But remember, I said "with one stipulation." What stipulation is that? Simply this: You would become a true, bank certified millionaire- but for only one day. After the end of that day, you have to give everything back. Return the house, the boat, the car, or whatever else you chose to purchase. You would also have to reverse the expensive cosmetic surgery.
Suddenly, becoming a millionaire does not seem as appealing, does it? Maybe it just does not seem worth the effort and the momentary enjoyment that wealth can provide if it is to be lost so quickly. We live in a world like this, however. We want what we want and we want it now. Interestingly, it has been observed that a mark of maturity is one's willingness to defer immediate gratification for long-run gain.
There are two distinctly different scoreboards in life, regardless of whether your vocation is in the business and professional world or an athletic field. The first scoreboard is found on "Planet Earth." It has at least four general categories: Beauty, Intelligence, Strength and Money. It is the standard the world uses to evaluate your worth.

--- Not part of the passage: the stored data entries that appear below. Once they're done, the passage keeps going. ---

lemma Delta2_young_conj: "Delta2 (young_conj \<Phi>)"
  unfolding Delta2_def
proof (intro exI[of _ "2 ^ p"] conjI allI impI)
  fix s :: real assume "s \<ge> 0"
  then show "young_conj \<Phi> (2 * s) \<le> 2 ^ p * young_conj \<Phi> s"
    by (simp add: young_conj_scale_ge_one)
qed simp

end

lemma superhomogeneous_Phi1: "N \<ge> 2 \<Longrightarrow> superhomogeneous (Phi1 N) N"
proof unfold_locales
  assume "N \<ge> 2"
  have "(0::real) < 1 / fact (N - 1)" by simp
  also have "\<dots> \<le> Phi1 N 1"
    using Phi1_ge_power[OF \<open>N \<ge> 2\<close>, of 1] by simp
  finally show "Phi1 N 1 > 0" .
qed (simp_all add: Phi1_nonneg Phi1_zero Phi1_superhomogeneous)

lemma Delta2_power_bound:
  assumes "Delta2 \<Theta>"
  obtains C where "C > 0" "\<And>k s. s \<ge> 0 \<Longrightarrow> \<Theta> (2 ^ k * s) \<le> C ^ k * \<Theta> s"
proof -
  obtain C where "C > 0" and C: "\<And>t. t \<ge> 0 \<Longrightarrow> \<Theta> (2 * t) \<le> C * \<Theta> t"
    using assms unfolding Delta2_def by blast
  have "\<Theta> (2 ^ k * s) \<le> C ^ k * \<Theta> s" if "s \<ge> 0" for k s
  proof (induction k)
    case 0
    then show ?case by simp
  next
    case (Suc k)
    have "\<Theta> (2 ^ Suc k * s) \<le> C * \<Theta> (2 ^ k * s)"
      using C[of "2 ^ k * s"] \<open>s \<ge> 0\<close> by (simp add: mult.assoc)
    also have "\<dots> \<le> C ^ Suc k * \<Theta> s"
      using Suc.IH \<open>C > 0\<close> by (simp add: mult_left_mono mult.assoc)
    finally show ?case .
  qed
  with \<open>C > 0\<close> show thesis by (rule that)
qed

Beauty equals external appearance: This relates to your physical appearance, the clothes you wear, whether your spouse or "significant other" is attractive to others. "Beauty" also concerns whether your house, car, personal attire, children, work or hobby possessions inspire admiration and envy.

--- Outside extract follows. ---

(* Let $d\in\mathbb{R}^m$ with $d>0$, let $\ell$ be a certified lower bound for $A^\top x\le u$ with certificate matrix $\Lambda$, and suppose $f(d,\ell)=1$. Let $i\in\{1,\dots,m\}$, set $L_i:=a_i^\top y(d,\ell)-\gamma_i(d,\ell)$, and define $$\hat\lambda_i:=\gamma_i(d,\ell)\,D\,t(d,\ell)-DA^\top B(d)^{-1}a_i,\qquad \tilde\lambda_i:=\Lambda\hat\lambda_i^-+\hat\lambda_i^+ .$$ Then $A\tilde\lambda_i=-a_i$, $\tilde\lambda_i\ge 0$ and $-\tilde\lambda_i^\top u\ge L_i$; i.e., $L_i$ is a certified lower bound on constraint $i$ with certificate $\tilde\lambda_i$.
   Context: Standing assumption: $A=[a_1|\cdots|a_m]\in\mathbb{R}^{n\times m}$ has columns of unit Euclidean norm and $\{A\lambda:\lambda\ge0\}=\mathbb{R}^n$; $u\in\mathbb{R}^m$. For $d\in\mathbb{R}^m$, $D=\mathrm{diag}(d)$. For $d>0$, $\ell\in\mathbb{R}^m$: $r(\ell)=\tfrac12(u+\ell)$, $v(\ell)=\tfrac12(u-\ell)$, $B(d)=ADA^\top$, $y(d,\ell)=B(d)^{-1}ADr(\ell)$, $t(d,\ell)=A^\top y(d,\ell)-r(\ell)$, $f(d,\ell)=v(\ell)^\top Dv(\ell)-t(d,\ell)^\top Dt(d,\ell)$, and when $f(d,\ell)>0$, $\gamma_i(d,\ell)=\sqrt{f(d,\ell)\,a_i^\top B(d)^{-1}a_i}$. A scalar $\ell_i$ is a certified lower bound on constraint $i$ with certificate $\lambda_i\in\mathbb{R}^m$ if $A\lambda_i=-a_i$, $\lambda_i\ge0$, $-\lambda_i^\top u\ge\ell_i$. A vector $\ell$ is a certified lower bound with certificate matrix $\Lambda\in\mathbb{R}^{m\times m}$ if $A\Lambda=-A$, $\Lambda\ge0$ entrywise, $-\Lambda^\top u\ge\ell$. For a vector $w$, $w^+,w^-\ge0$ are its componentwise positive and negative parts, $w=w^+-w^-$. *)

theory Defs
  imports "HOL-Analysis.Analysis"
begin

Intelligence relates to mental capacity and skill, real and imagined. For the past 200 years, doors of opportunity were often opened based on the college attended and the degrees earned. Now a "killer-concept" (such as innovations that started enterprises like Federal Express, Apple Computer, Microsoft and Google) can open those same doors. Today, as never before, one creative or innovative idea can change your life.
Strength pertains to physical strength, physical appearance and physical health. You cannot fully enjoy the other aspects of life if you are not healthy.

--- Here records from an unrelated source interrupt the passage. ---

definition topological_group :: "'h monoid \<Rightarrow> 'h topology \<Rightarrow> bool" where
  "topological_group H T \<longleftrightarrow> group H \<and> topspace T = carrier H \<and>
     continuous_map (prod_topology T T) T (\<lambda>(x, y). x \<otimes>\<^bsub>H\<^esub> y) \<and>
     continuous_map T T (\<lambda>x. inv\<^bsub>H\<^esub> x)"

text \<open>Slenderness with respect to source groups whose carriers live in the
  type 'h (the theorem below is stated for an arbitrary type 'h).\<close>
definition cm_slender :: "'h itself \<Rightarrow> ('g, 'c) monoid_scheme \<Rightarrow> bool" where
  "cm_slender _ G \<longleftrightarrow>
     (\<forall>(H :: 'h monoid) T \<phi>. topological_group H T \<and> completely_metrizable_space T \<and>
        \<phi> \<in> hom H G \<longrightarrow> openin T (kernel H G \<phi>))"

definition lcH_slender :: "'h itself \<Rightarrow> ('g, 'c) monoid_scheme \<Rightarrow> bool" where
  "lcH_slender _ G \<longleftrightarrow>
     (\<forall>(H :: 'h monoid) T \<phi>. topological_group H T \<and> locally_compact_space T \<and>
        Hausdorff_space T \<and> \<phi> \<in> hom H G \<longrightarrow> openin T (kernel H G \<phi>))"

definition short_exact ::
  "('k, 'a) monoid_scheme \<Rightarrow> ('g, 'b) monoid_scheme \<Rightarrow> ('q, 'c) monoid_scheme \<Rightarrow>
   ('k \<Rightarrow> 'g) \<Rightarrow> ('g \<Rightarrow> 'q) \<Rightarrow> bool" where
  "short_exact K G Q i f \<longleftrightarrow> group K \<and> group G \<and> group Q \<and>
     i \<in> hom K G \<and> inj_on i (carrier K) \<and>
     f \<in> hom G Q \<and> f ` carrier G = carrier Q \<and>
     i ` carrier K = kernel G Q f"

end

(* Let phi : pi_1(HE) -> G. As Q is n-slender, f o phi factors through some p_N and therefore
   kills every loop in the N-tail, the union of the circles of index > N. The dilations mapping
   the n-th circle onto the (n+N)-th embed HE onto this tail, so composing phi with the induced
   shift gives a homomorphism into the kernel of f, i.e. into K. Since K is n-slender, phi kills
   all loops in a smaller tail, and a homomorphism killing the M-tail factors through p_M: a
   loop is a finite product of loops each lying in one of the first M circles or avoiding their
   tops, and the latter deform into the M-tail.
   For cm- and lcH-slenderness, the kernel U of f o phi is an open subgroup, completely
   metrizable resp. locally compact Hausdorff in its own right, and on U the map phi lifts to K. *)

theory Submission
  imports Defs
begin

Money often equals power. It's amazing how we envy and cater to people with money. Dollars open doors - providing the best seats in restaurants, special attention at social events, and deference in important meetings.
But the harsh reality is that this life on earth, no matter how enjoyable, is a vapor. Psalm 102 says: "My days are like a shadow that lengthens and I wither away like grass."
Our life spans, compared to eternity, are as fleeting as steam escaping from a tea kettle. We spend our lives playing according to the Planet Earth scoreboard, but one day, sooner than we can imagine, everything is going to vanish. It will all be replaced with the second scoreboard. The score there is tallied by different standards, based on our "relationship with God, through Jesus Christ", and how we responded to His call to "Come and follow Him." Eternity for us individually begins here in our own awareness of it. Where will you be spending eternity? In union with God or separation from Him.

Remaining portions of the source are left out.